3248話

『レイ、話は聞いてるわ。思ったよりも大分早く行くみたいだけど……レイの方の準備はいいの?』


 夜、レイは対のオーブでエレーナと……いや、今回はマリーナとヴィヘラの二人と話していた。

 一応エレーナやアーラ、ビューネといった面々もいるが、今回の話で重要なのはマリーナとヴィヘラだ。

 数日中に穢れの関係者の拠点に向かう件で話をしていたのだから、その二人が主役となるのは当然だろう。


「こっちの方は特に問題がないな。ミスリルの結界を展開するマジックアイテムもそれなりに数が揃ってきたし、今も次々と量産されてるからな。その辺はマリーナもダスカー様から聞いてるんじゃないか?」

『ダスカーとはあまり会ってないわね』

「……だろうな」


 自分の黒歴史を知っている相手と会うのは、ダスカーでなくても出来れば遠慮したいだろう。

 レイも何となくダスカーの気持ちは理解出来るので、短くそれだけを言う。

 マリーナもレイの様子から、この件についてこれ以上話さない方がいいと判断したのか、話題を変える。

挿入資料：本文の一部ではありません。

(* Let $\mathcal T$ be a finite tree with $|\mathcal T|$ vertices. Then for all $n\ge1$, \[ h_n(W(\mathcal T))\le n^{2|\mathcal T|}\cdot 4^{|\mathcal T| n}\cdot n^{\gamma(\mathcal T) n}. \]
   Context: $W(\mathcal T)$ is the right-angled Coxeter group of $\mathcal T$: generators $\sigma_v$ for the vertices, relations $\sigma_v^2=1$, and $\sigma_v\sigma_w=\sigma_w\sigma_v$ for adjacent $v,w$. $h_n(\Gamma)=|\mathrm{Hom}(\Gamma,\mathrm{Sym}_n)|$. A clique collection is an induced subgraph whose connected components are complete graphs. For components $\mathcal C_1,\dots,\mathcal C_q$ set $w(\mathcal C)=\sum_i(1-2^{-|\mathcal C_i|})$. Then $\gamma(\mathcal T)$ is the maximum of $w$ over all clique collections of $\mathcal T$. *)

theory Defs
  imports "HOL-Combinatorics.Permutations" "HOL-Library.FuncSet" Complex_Main
begin

definition simple_graph :: "'a set \<Rightarrow> ('a \<Rightarrow> 'a \<Rightarrow> bool) \<Rightarrow> bool" where
  "simple_graph V E \<longleftrightarrow> finite V \<and> (\<forall>x y. E x y \<longrightarrow> x \<in> V \<and> y \<in> V)
     \<and> (\<forall>x y. E x y \<longrightarrow> E y x) \<and> (\<forall>x. \<not> E x x)"

definition connected_graph :: "'a set \<Rightarrow> ('a \<Rightarrow> 'a \<Rightarrow> bool) \<Rightarrow> bool" where
  "connected_graph V E \<longleftrightarrow> (\<forall>u\<in>V. \<forall>v\<in>V. E\<^sup>*\<^sup>* u v)"

definition is_cycle :: "('a \<Rightarrow> 'a \<Rightarrow> bool) \<Rightarrow> 'a list \<Rightarrow> bool" where
  "is_cycle E cs \<longleftrightarrow> length cs \<ge> 3 \<and> distinct cs
     \<and> (\<forall>i. Suc i < length cs \<longrightarrow> E (cs ! i) (cs ! Suc i))
     \<and> E (last cs) (hd cs)"

definition is_tree :: "'a set \<Rightarrow> ('a \<Rightarrow> 'a \<Rightarrow> bool) \<Rightarrow> bool" where
  "is_tree V E \<longleftrightarrow> simple_graph V E \<and> V \<noteq> {} \<and> connected_graph V E
     \<and> (\<nexists>cs. is_cycle E cs)"

text \<open>h_n(W(T)) = number of homomorphisms from the right-angled Coxeter group W(T) to Sym_n,
  i.e. the number of families (sigma_v)_{v in V} of permutations of {0..<n} satisfying
  the defining relations sigma_v^2 = 1 and sigma_v sigma_w = sigma_w sigma_v for adjacent v, w.\<close>
definition hom_count_RACG :: "'a set \<Rightarrow> ('a \<Rightarrow> 'a \<Rightarrow> bool) \<Rightarrow> nat \<Rightarrow> nat" where
  "hom_count_RACG V E n = card {\<sigma> \<in> V \<rightarrow>\<^sub>E {p. p permutes {..<n}}.
       (\<forall>v\<in>V. \<sigma> v \<circ> \<sigma> v = id) \<and>
       (\<forall>v\<in>V. \<forall>w\<in>V. E v w \<longrightarrow> \<sigma> v \<circ> \<sigma> w = \<sigma> w \<circ> \<sigma> v)}"

definition induced_conn :: "('a \<Rightarrow> 'a \<Rightarrow> bool) \<Rightarrow> 'a set \<Rightarrow> 'a \<Rightarrow> 'a \<Rightarrow> bool" where
  "induced_conn E S = (\<lambda>a b. E a b \<and> a \<in> S \<and> b \<in> S)\<^sup>*\<^sup>*"

definition components :: "('a \<Rightarrow> 'a \<Rightarrow> bool) \<Rightarrow> 'a set \<Rightarrow> 'a set set" where
  "components E S = (\<lambda>x. {y \<in> S. induced_conn E S x y}) ` S"

definition clique_collection :: "'a set \<Rightarrow> ('a \<Rightarrow> 'a \<Rightarrow> bool) \<Rightarrow> 'a set \<Rightarrow> bool" where
  "clique_collection V E S \<longleftrightarrow> S \<subseteq> V \<and>
     (\<forall>C\<in>components E S. \<forall>x\<in>C. \<forall>y\<in>C. x \<noteq> y \<longrightarrow> E x y)"

definition cc_weight :: "('a \<Rightarrow> 'a \<Rightarrow> bool) \<Rightarrow> 'a set \<Rightarrow> real" where
  "cc_weight E S = (\<Sum>C\<in>components E S. 1 - 2 powi (- int (card C)))"

definition gamma_graph :: "'a set \<Rightarrow> ('a \<Rightarrow> 'a \<Rightarrow> bool) \<Rightarrow> real" where
  "gamma_graph V E = Max (cc_weight E ` {S. clique_collection V E S})"

end

theory Submission
  imports Defs
begin

text \<open>Root the tree. A homomorphism \<open>W(T) \<rightarrow> Sym\<^sub>n\<close> is a family of involutions \<open>\<sigma>\<^sub>v\<close> in which
  \<open>\<sigma>\<^sub>v\<close> commutes with the permutation \<open>\<alpha>\<close> of the parent of v (\<open>\<alpha> = id\<close> at the root). Given \<open>\<alpha>\<close>,
  \<open>\<sigma>\<^sub>v\<close> is determined by its values at the least points of the orbits of \<open>\<langle>\<alpha>, \<sigma>\<^sub>v\<rangle>\<close>, so it
  is encoded by a word of length n over n + 3 letters, where a genuine choice among n letters
  occurs only at orbit minima i with \<open>\<sigma>\<^sub>v i \<notin> {i, \<alpha> i}\<close>. Giving these n letters weight 1/n
  and the other three weight 1, all words together weigh \<open>4\<^bsup>|T| n\<^esup>\<close>, so it suffices that
  every homomorphism weighs at least \<open>n\<^bsup>-\<gamma> n\<^esup>\<close>.

  Each such costly orbit minimum accounts for an orbit on which a move weight, counting
  the points moved by \<open>\<sigma>\<^sub>v\<close> and once more those also fixed by \<open>\<alpha>\<close>, adds up to 4.
  Summing over v, at a point i the total move weight is \<open>|M| + c(M)\<close>, where
  \<open>M = {v. \<sigma>\<^sub>v i \<noteq> i}\<close> induces a forest with c(M) components. Removing a deepest leaf
  together with its siblings (and possibly their parent) shows \<open>|M| + c(M) \<le> 4 w(C)\<close> for a
  clique collection C, hence at most \<open>\<gamma>\<close> costly letters per point.\<close>

section \<open>Rooted trees\<close>

lemma cycle_of_path:
  assumes "distinct P" "length P \<ge> 3" "successively E P" "E (last P) (hd P)"
  shows "is_cycle E P"
  using assms unfolding is_cycle_def successively_conv_nth by auto

locale bfs_tree =
  fixes V :: "'a set" and E :: "'a \<Rightarrow> 'a \<Rightarrow> bool" and root :: 'a
    and par :: "'a \<Rightarrow> 'a" and depth :: "'a \<Rightarrow> nat"
  assumes simple: "simple_graph V E"
    and root_in_V: "root \<in> V" and depth_root: "depth root = 0"
    and parent: "\<And>v. v \<in> V \<Longrightarrow> v \<noteq> root \<Longrightarrow> par v \<in> V \<and> E v (par v) \<and> depth v = Suc (depth (par v))"
    and depth_edge: "\<And>a b. E a b \<Longrightarrow> depth b \<le> Suc (depth a)"
begin

lemma finite_V: "finite V"
  and edge_in_V: "E x y \<Longrightarrow> x \<in> V \<and> y \<in> V"
  and edge_sym: "E x y \<Longrightarrow> E y x"
  and edge_irrefl: "\<not> E x x"
  using simple unfolding simple_graph_def by auto

lemma depth_eq_0_iff: "v \<in> V \<Longrightarrow> depth v = 0 \<longleftrightarrow> v = root"
  using parent depth_root by fastforce

lemma same_depth_path:
  assumes "x \<in> V" "y \<in> V" "x \<noteq> y" "depth x = k" "depth y = k"
  shows "\<exists>P. distinct P \<and> hd P = x \<and> last P = y \<and> length P \<ge> 3 \<and> successively E P
           \<and> (\<forall>z\<in>set P. z \<in> V \<and> depth z \<le> k)"
  using assms
proof (induction k arbitrary: x y)
  case 0
  then show ?case using depth_eq_0_iff by blast
next
  case (Suc k)
  have xy_root: "x \<noteq> root" "y \<noteq> root" using Suc.prems depth_root by auto
  note px = parent[OF Suc.prems(1) xy_root(1)] and py = parent[OF Suc.prems(2) xy_root(2)]
  show ?case
  proof (cases "par x = par y")
    case True
    show ?thesis
    proof (intro exI conjI)
      show "distinct [x, par x, y]"
        using px py True Suc.prems(3) by (metis distinct_length_2_or_more distinct_singleton n_not_Suc_n)
      show "successively E [x, par x, y]" using px py True edge_sym by simp
    qed (use px Suc.prems in auto)
  next
    case False
    obtain P where P: "distinct P" "hd P = par x" "last P = par y" "length P \<ge> 3"
        "successively E P" "\<forall>z\<in>set P. z \<in> V \<and> depth z \<le> k"
      using Suc.IH[of "par x" "par y"] px py Suc.prems False by auto
    have "x \<notin> set P" "y \<notin> set P" "P \<noteq> []" using P Suc.prems by fastforce+
    then show ?thesis
      using P px py Suc.prems edge_sym[of y "par y"]
      by (intro exI[of _ "x # P @ [y]"]) (auto simp: successively_append_iff successively_Cons)
  qed
qed

context
  assumes acyclic: "\<nexists>cs. is_cycle E cs"
begin

lemma depth_edge_neq:
  assumes "E a b"
  shows "depth a \<noteq> depth b"
proof
  assume eq: "depth a = depth b"
  have "a \<in> V" "b \<in> V" "a \<noteq> b" using assms edge_in_V edge_irrefl by auto
  then obtain P where "distinct P" "hd P = a" "last P = b" "length P \<ge> 3" "successively E P"
    using same_depth_path eq by blast
  then have "is_cycle E P" using assms edge_sym by (intro cycle_of_path) auto
  then show False using acyclic by blast
qed

lemma edge_to_deeper_is_parent:
  assumes ab: "E a b" and d: "depth b = Suc (depth a)"
  shows "b \<noteq> root \<and> par b = a"
proof (rule ccontr)
  assume nb: "\<not> ?thesis"
  have abV: "a \<in> V" "b \<in> V" using ab edge_in_V by auto
  have b_root: "b \<noteq> root" using d depth_root by auto
  note pb = parent[OF abV(2) b_root]
  have "par b \<noteq> a" using nb b_root by auto
  then obtain P where P: "distinct P" "hd P = a" "last P = par b" "length P \<ge> 3"
      "successively E P" "\<forall>z\<in>set P. z \<in> V \<and> depth z \<le> depth a"
    using same_depth_path[of a "par b"] pb abV d by auto
  have "b \<notin> set P" "P \<noteq> []" using P d by fastforce+
  then have "is_cycle E (P @ [b])"
    using P pb ab edge_sym[of b "par b"] edge_sym[of a b]
    by (intro cycle_of_path) (auto simp: successively_append_iff)
  then show False using acyclic by blast
qed

lemma edge_parent: "E a b \<Longrightarrow> (a \<noteq> root \<and> par a = b) \<or> (b \<noteq> root \<and> par b = a)"
  using depth_edge[of a b] depth_edge[of b a] edge_sym[of a b] depth_edge_neq[of a b]
    edge_to_deeper_is_parent[of a b] edge_to_deeper_is_parent[of b a] by fastforce

end

end

lemma simple_graph_bfs_tree:
  assumes sg: "simple_graph V E" and con: "connected_graph V E" and r: "r \<in> V"
  obtains par depth where "bfs_tree V E r par depth"
proof -
  have EV: "\<And>x y. E x y \<Longrightarrow> x \<in> V \<and> y \<in> V"
    using sg unfolding simple_graph_def by auto
  define depth where "depth v = (LEAST k. (E^^k) r v)" for v
  define par where "par v = (SOME u. (E^^(depth v - 1)) r u \<and> E u v)" for v
  have reach: "(E^^(depth v)) r v" if "v \<in> V" for v
  proof -
    have "E\<^sup>*\<^sup>* r v" using con r that unfolding connected_graph_def by auto
    then obtain k where "(E^^k) r v" using rtranclp_imp_relpowp by metis
    then show ?thesis unfolding depth_def by (rule LeastI)
  qed
  have depth_le: "depth v \<le> k" if "(E^^k) r v" for v k
    unfolding depth_def using that by (rule Least_le)
  have depth_edge: "depth b \<le> Suc (depth a)" if "E a b" for a b
    using depth_le[OF relpowp_Suc_I[OF reach that]] EV[OF that] by auto
  have parent: "par v \<in> V \<and> E v (par v) \<and> depth v = Suc (depth (par v))"
    if v: "v \<in> V" "v \<noteq> r" for v
  proof -
    have rv: "(E^^(depth v)) r v" using reach v by auto
    then obtain j where j: "depth v = Suc j" using v by (cases "depth v") auto
    then have "\<exists>u. (E^^(depth v - 1)) r u \<and> E u v" using rv by (auto elim: relpowp_Suc_E)
    then have pu: "(E^^j) r (par v) \<and> E (par v) v" unfolding par_def j
      by (metis (mono_tags, lifting) diff_Suc_1 j someI_ex)
    then have "depth (par v) \<le> j" using depth_le by auto
    moreover have "depth v \<le> Suc (depth (par v))" using depth_edge pu by auto
    ultimately show ?thesis using pu EV sg j unfolding simple_graph_def by auto
  qed
  have "depth r = 0" using depth_le[of 0 r] by simp
  then have "bfs_tree V E r par depth" using sg r parent depth_edge by unfold_locales blast
  then show ?thesis by (rule that)
qed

『ミスリルの結界で穢れに対処出来るようになったのはいいけど、穢れの件が解決したら、そのマジックアイテムは使い道がなくなるんじゃない?』

「どうだろうな。穢れはいなくなるかもしれないが、普通に防御用に使えたりはすると思うけど」

『あら、それはそれで面白そうね』


 マリーナに代わり、ヴィヘラがそう言ってくる。

 口元に好戦的な笑みを浮かべているのは、自分の力でミスリルの結界を破れるかどうか、気になっているからだろう。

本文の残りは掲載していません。